Find the line containing "continuous_on UNIV (\<phi>" in the records below. Copy exactly that line and each one after it, ending at the line containing "1 - real N <", and nothing more.
====== Data extracts
lemma delay_chain_null_controllable:
  fixes dat :: "nat \<Rightarrow> real \<Rightarrow> real" and iv :: "nat \<Rightarrow> real"
  assumes dat: "\<And>k. dat k integrable_on {-1..0}" and T: "real N + 1 < T"
  obtains z :: "nat \<Rightarrow> real \<Rightarrow> real" and v :: "real \<Rightarrow> real" where
    "\<And>k t. t < 0 \<Longrightarrow> k \<le> N \<Longrightarrow> z k t = dat k t"
    "\<And>k. k \<le> N \<Longrightarrow> z k 0 = iv k"
    "\<And>k. k \<le> N \<Longrightarrow> continuous_on {0..T} (z k)"
    "\<And>k t. k < N \<Longrightarrow> 0 \<le> t \<Longrightarrow> ((\<lambda>s. z (Suc k) (s - 1)) has_integral (z k t - z k 0)) {0..t}"
    "\<And>t. 0 \<le> t \<Longrightarrow> (v has_integral (z N t - z N 0)) {0..t}"
    "\<And>k t. k \<le> N \<Longrightarrow> T - 1 \<le> t \<Longrightarrow> t \<le> T \<Longrightarrow> z k t = 0"
    "L2_on {0<..<T} v"
proof -
  let ?D = "free_chain dat iv N"
  obtain \<phi> where \<phi>_before: "\<And>k s. s < real N \<Longrightarrow> \<phi> k s = 0"
    and \<phi>_cont: "\<And>k. k < N \<Longrightarrow> continuous_on UNIV (\<phi> k)"
    and \<phi>_cont_top: "continuous_on {real N..} (\<phi> N)"
    and \<phi>_target: "\<And>k. k < N \<Longrightarrow> \<phi> k (T - 1) = - ?D k (T - 1 - real k)"
    and \<phi>_start: "\<phi> N (real N) = iv N"
    and \<phi>_stop: "\<And>s. T - 1 \<le> s \<Longrightarrow> \<phi> N s = 0"
    and \<phi>_ftc: "\<And>k p q. p \<le> q \<Longrightarrow> continuous_on {p..q} (\<phi> k) \<Longrightarrow>
       (\<phi> (Suc k) has_integral \<phi> k q - \<phi> k p) {p..q}"
    and \<phi>_control_cont: "continuous_on {real N..T - 1} (\<phi> (Suc N))"
    and \<phi>_control_stop: "\<And>s. T - 1 < s \<Longrightarrow> \<phi> (Suc N) s = 0"
    using polynomial_steering[where a = "real N" and b = "T - 1" and c = "iv N" and N = N
        and r = "\<lambda>k. - ?D k (T - 1 - real k)"] T
    by auto
  define z where "z = (\<lambda>k t. ?D k t + \<phi> k (t + real k))"
  define v where "v = (\<lambda>s. \<phi> (Suc N) (s + real N))"
  have "0 \<le> T"
    using T by simp
  note z = free_chain_add_shifted_primitives[OF dat \<open>0 \<le> T\<close> \<phi>_before \<phi>_cont \<phi>_cont_top \<phi>_start
      \<phi>_ftc z_def]
  show ?thesis
  proof (rule that[OF z(1-4) z(5)[folded v_def]])
    show "z k t = 0" if "k \<le> N" "T - 1 \<le> t" "t \<le> T" for k t
    proof (rule delay_chain_vanishing[where z = z and N = N and T = T, OF z(4)])
      show "z k (T - 1 - real k) = 0" if "k < N" for k
        using \<phi>_target[OF that] by (simp add: z_def)
      show "z N t = 0" if "T - 1 - real N \<le> t" "t \<le> T" for t
        using that T \<phi>_stop by (simp add: z_def free_chain_top)
    qed (use that T in auto)
    show "L2_on {0<..<T} v"
    proof (rule L2_on_continuous_vanishing_after)
      show "continuous_on {0..T - 1 - real N} v"
        by (auto simp: v_def intro!: continuous_on_compose2[OF \<phi>_control_cont] continuous_intros)
      show "v s = 0" if "T - 1 - real N < s" for s
        using that by (simp add: v_def \<phi>_control_stop)
    qed
  qed
qed

section \<open>Observer coordinates of a controllable pair\<close>

lemma matpow_add: "matpow A (j + k) = matpow A j ** matpow A k"
  by (induction j) (simp_all add: matrix_mul_assoc)

lemma matpow_mult_matpow_vec: "matpow A j *v (matpow A k *v v) = matpow A (j + k) *v v"
  by (simp add: matpow_add matrix_vector_mul_assoc)

lemma matpow_mult_vec_Suc: "matpow A k *v (A *v v) = matpow A (Suc k) *v v"
  using matpow_mult_matpow_vec[of A k 1 v] by simp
============
### Exercise result
    and \<phi>_cont: "\<And>k. k < N \<Longrightarrow> continuous_on UNIV (\<phi> k)"
    and \<phi>_cont_top: "continuous_on {real N..} (\<phi> N)"
    and \<phi>_target: "\<And>k. k < N \<Longrightarrow> \<phi> k (T - 1) = - ?D k (T - 1 - real k)"
    and \<phi>_start: "\<phi> N (real N) = iv N"
    and \<phi>_stop: "\<And>s. T - 1 \<le> s \<Longrightarrow> \<phi> N s = 0"
    and \<phi>_ftc: "\<And>k p q. p \<le> q \<Longrightarrow> continuous_on {p..q} (\<phi> k) \<Longrightarrow>
       (\<phi> (Suc k) has_integral \<phi> k q - \<phi> k p) {p..q}"
    and \<phi>_control_cont: "continuous_on {real N..T - 1} (\<phi> (Suc N))"
    and \<phi>_control_stop: "\<And>s. T - 1 < s \<Longrightarrow> \<phi> (Suc N) s = 0"
    using polynomial_steering[where a = "real N" and b = "T - 1" and c = "iv N" and N = N
        and r = "\<lambda>k. - ?D k (T - 1 - real k)"] T
    by auto
  define z where "z = (\<lambda>k t. ?D k t + \<phi> k (t + real k))"
  define v where "v = (\<lambda>s. \<phi> (Suc N) (s + real N))"
  have "0 \<le> T"
    using T by simp
  note z = free_chain_add_shifted_primitives[OF dat \<open>0 \<le> T\<close> \<phi>_before \<phi>_cont \<phi>_cont_top \<phi>_start
      \<phi>_ftc z_def]
  show ?thesis
  proof (rule that[OF z(1-4) z(5)[folded v_def]])
    show "z k t = 0" if "k \<le> N" "T - 1 \<le> t" "t \<le> T" for k t
    proof (rule delay_chain_vanishing[where z = z and N = N and T = T, OF z(4)])
      show "z k (T - 1 - real k) = 0" if "k < N" for k
        using \<phi>_target[OF that] by (simp add: z_def)
      show "z N t = 0" if "T - 1 - real N \<le> t" "t \<le> T" for t
        using that T \<phi>_stop by (simp add: z_def free_chain_top)
    qed (use that T in auto)
    show "L2_on {0<..<T} v"
    proof (rule L2_on_continuous_vanishing_after)
      show "continuous_on {0..T - 1 - real N} v"
        by (auto simp: v_def intro!: continuous_on_compose2[OF \<phi>_control_cont] continuous_intros)
      show "v s = 0" if "T - 1 - real N < s" for s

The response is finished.